- [REQUIREMENT] Count the lines below that include the word "auto" and write that number alone.

---------- EXTRACTED INFORMATION

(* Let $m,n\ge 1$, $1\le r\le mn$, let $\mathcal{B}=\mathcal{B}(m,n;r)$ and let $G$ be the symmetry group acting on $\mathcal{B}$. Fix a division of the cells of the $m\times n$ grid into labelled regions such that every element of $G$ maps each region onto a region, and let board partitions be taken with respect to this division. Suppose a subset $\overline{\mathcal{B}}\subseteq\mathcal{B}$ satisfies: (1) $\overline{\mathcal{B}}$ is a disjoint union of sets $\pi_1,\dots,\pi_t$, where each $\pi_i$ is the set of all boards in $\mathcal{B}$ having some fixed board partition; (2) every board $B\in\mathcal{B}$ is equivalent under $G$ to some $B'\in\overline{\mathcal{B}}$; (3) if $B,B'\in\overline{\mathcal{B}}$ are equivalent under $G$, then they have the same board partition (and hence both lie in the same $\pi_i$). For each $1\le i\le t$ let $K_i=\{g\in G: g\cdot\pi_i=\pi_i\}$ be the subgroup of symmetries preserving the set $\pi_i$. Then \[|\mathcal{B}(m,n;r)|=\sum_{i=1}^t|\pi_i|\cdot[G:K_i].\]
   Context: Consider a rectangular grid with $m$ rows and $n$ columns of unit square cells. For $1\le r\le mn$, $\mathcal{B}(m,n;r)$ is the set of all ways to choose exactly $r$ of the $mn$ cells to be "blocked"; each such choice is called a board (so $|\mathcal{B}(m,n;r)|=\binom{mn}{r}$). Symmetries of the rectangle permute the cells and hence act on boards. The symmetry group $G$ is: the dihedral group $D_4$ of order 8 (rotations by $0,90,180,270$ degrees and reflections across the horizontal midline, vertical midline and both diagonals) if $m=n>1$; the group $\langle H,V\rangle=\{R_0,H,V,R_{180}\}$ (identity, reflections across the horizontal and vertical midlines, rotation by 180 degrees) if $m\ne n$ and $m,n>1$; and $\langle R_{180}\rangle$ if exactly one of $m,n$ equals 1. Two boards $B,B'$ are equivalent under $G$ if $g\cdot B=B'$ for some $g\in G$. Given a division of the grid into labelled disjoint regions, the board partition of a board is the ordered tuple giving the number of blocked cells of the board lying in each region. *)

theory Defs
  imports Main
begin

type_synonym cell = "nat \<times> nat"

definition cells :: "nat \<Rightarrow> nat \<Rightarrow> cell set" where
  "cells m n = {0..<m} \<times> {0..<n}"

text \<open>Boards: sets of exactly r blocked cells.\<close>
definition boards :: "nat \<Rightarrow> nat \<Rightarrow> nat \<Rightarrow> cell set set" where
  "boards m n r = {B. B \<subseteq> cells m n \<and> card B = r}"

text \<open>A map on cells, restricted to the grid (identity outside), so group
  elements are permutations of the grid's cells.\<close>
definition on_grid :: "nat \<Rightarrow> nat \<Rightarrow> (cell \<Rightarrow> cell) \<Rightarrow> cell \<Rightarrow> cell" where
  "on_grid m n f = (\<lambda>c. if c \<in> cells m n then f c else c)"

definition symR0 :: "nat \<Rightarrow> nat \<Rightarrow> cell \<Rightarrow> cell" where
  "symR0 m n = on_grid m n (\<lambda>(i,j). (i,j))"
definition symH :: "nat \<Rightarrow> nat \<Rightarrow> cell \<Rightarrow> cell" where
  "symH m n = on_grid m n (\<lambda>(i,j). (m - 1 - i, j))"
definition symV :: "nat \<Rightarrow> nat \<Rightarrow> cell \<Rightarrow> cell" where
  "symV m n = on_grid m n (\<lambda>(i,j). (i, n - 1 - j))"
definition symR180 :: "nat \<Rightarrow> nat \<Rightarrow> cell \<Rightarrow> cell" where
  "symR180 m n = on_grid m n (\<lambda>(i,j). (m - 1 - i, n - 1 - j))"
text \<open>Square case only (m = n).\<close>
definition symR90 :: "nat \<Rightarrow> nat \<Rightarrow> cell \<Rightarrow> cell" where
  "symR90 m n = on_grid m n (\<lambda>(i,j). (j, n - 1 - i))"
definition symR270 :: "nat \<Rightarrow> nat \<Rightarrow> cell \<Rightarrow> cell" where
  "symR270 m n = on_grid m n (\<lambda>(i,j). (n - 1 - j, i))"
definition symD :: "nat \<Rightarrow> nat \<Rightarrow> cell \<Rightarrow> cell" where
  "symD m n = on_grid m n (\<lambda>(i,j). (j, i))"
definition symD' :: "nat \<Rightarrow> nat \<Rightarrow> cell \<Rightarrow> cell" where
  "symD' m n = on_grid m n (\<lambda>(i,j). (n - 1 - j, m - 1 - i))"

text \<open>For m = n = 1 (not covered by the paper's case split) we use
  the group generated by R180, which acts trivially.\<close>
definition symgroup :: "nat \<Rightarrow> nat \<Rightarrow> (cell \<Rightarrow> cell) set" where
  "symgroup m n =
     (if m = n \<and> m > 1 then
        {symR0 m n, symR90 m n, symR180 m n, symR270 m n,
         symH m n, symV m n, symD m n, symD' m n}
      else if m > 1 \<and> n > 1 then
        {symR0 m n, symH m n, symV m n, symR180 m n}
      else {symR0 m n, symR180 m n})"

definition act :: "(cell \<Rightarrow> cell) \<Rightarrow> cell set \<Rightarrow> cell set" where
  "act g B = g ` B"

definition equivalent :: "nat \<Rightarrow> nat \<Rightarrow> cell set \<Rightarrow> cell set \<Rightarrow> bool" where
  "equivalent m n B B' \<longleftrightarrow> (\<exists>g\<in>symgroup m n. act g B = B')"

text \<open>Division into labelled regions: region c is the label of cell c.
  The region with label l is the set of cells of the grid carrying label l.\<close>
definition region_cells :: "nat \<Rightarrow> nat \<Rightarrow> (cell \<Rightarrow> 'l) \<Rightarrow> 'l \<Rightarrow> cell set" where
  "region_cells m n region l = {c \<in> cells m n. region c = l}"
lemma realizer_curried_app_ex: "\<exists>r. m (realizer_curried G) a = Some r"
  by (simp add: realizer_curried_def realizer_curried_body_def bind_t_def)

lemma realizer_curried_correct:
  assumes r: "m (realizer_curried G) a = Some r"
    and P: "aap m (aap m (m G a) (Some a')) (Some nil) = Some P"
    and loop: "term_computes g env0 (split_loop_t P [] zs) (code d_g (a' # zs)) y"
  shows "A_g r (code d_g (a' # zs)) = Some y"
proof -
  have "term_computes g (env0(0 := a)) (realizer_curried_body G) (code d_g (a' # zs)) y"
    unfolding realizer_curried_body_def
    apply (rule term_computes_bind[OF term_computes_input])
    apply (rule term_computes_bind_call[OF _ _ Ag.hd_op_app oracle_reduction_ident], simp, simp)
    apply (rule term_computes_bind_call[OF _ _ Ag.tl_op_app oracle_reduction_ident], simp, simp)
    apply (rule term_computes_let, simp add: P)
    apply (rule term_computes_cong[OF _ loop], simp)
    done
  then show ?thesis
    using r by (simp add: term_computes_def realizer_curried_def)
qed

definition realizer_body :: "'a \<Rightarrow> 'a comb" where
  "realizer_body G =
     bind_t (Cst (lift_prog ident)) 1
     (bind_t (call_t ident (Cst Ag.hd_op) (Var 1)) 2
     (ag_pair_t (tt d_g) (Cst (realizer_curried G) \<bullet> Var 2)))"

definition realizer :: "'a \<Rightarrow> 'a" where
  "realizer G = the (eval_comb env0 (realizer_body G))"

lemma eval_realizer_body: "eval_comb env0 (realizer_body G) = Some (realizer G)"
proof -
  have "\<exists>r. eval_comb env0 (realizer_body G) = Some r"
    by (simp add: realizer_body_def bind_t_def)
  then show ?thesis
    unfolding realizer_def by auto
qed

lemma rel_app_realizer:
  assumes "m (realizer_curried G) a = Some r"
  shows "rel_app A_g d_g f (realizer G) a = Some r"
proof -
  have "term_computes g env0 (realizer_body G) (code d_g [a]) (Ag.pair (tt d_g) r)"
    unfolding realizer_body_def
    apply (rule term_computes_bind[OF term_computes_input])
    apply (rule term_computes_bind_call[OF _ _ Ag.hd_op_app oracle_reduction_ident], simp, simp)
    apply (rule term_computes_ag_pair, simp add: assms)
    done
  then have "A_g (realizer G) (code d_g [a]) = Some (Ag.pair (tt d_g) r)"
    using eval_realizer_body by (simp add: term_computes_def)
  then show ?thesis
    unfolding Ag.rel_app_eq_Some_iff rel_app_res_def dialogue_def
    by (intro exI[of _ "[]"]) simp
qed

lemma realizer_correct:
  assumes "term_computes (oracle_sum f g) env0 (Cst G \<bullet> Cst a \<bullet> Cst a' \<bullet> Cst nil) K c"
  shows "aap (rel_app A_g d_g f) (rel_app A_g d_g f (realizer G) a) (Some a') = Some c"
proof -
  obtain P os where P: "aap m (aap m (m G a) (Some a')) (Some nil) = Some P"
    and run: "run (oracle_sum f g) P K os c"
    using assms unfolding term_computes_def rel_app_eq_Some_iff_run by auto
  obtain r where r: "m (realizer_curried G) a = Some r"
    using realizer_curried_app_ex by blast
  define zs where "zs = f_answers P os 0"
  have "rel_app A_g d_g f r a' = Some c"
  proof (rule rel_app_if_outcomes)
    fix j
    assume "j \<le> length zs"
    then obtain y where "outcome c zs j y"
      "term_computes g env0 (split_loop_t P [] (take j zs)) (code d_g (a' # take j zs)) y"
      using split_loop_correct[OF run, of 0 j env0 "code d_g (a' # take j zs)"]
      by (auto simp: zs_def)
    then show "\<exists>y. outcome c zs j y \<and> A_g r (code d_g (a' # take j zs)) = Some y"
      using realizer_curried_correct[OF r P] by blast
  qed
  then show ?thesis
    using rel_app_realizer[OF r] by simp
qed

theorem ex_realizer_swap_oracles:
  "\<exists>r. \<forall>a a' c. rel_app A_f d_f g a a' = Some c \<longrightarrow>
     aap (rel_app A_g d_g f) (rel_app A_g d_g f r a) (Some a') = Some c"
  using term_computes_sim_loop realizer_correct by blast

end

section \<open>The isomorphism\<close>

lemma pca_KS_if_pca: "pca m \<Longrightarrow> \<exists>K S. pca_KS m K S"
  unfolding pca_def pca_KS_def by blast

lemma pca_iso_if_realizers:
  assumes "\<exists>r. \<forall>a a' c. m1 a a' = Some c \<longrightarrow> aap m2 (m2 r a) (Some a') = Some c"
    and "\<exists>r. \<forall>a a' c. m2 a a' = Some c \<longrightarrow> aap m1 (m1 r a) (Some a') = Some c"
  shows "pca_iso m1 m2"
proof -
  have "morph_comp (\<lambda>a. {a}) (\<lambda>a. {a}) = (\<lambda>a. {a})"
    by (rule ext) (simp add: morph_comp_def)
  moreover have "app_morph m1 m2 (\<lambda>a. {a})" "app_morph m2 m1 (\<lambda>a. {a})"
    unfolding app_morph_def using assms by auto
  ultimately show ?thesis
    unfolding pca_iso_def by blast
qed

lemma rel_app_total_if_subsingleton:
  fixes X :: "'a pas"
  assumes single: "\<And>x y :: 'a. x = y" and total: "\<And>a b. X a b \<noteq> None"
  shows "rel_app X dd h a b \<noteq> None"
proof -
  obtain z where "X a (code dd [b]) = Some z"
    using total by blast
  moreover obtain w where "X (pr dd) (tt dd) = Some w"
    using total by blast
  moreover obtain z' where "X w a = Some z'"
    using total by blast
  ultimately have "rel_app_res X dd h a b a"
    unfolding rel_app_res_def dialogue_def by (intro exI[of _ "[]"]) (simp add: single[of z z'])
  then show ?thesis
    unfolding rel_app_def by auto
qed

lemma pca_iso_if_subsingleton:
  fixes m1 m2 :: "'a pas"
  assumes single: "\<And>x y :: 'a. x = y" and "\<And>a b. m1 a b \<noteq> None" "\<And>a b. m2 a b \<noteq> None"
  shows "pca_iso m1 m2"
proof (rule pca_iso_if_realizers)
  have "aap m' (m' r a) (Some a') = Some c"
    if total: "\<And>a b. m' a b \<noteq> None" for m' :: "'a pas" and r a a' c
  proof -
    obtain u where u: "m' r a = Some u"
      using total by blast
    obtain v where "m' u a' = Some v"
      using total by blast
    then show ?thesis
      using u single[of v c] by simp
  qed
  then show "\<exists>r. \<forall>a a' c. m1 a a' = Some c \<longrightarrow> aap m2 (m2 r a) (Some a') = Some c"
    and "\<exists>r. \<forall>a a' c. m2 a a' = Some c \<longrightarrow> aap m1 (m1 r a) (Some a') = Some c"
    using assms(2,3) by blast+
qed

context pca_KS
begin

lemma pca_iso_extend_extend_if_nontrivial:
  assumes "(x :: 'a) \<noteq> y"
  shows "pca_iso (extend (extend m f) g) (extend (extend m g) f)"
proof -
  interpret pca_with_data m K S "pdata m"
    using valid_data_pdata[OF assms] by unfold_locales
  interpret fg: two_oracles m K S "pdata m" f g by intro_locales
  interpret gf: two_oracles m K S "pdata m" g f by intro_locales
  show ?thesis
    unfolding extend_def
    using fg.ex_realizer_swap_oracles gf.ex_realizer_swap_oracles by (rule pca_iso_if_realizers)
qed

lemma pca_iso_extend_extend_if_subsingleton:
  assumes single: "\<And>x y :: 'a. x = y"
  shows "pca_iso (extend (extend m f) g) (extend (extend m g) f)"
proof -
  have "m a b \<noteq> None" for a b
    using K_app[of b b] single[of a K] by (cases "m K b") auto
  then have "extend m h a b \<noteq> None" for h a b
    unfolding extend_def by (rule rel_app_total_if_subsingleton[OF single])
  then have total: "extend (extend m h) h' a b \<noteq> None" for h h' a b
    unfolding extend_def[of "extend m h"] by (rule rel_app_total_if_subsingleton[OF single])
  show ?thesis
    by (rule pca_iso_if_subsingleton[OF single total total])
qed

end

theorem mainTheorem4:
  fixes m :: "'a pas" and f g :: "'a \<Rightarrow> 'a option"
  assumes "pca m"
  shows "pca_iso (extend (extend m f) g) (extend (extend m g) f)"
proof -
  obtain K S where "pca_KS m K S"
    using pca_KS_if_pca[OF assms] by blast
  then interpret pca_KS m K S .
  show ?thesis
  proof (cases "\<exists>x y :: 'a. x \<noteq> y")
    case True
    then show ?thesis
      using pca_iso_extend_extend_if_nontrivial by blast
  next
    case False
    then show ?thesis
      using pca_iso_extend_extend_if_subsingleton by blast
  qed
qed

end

--------------------

- [TASK SOLUTION] 6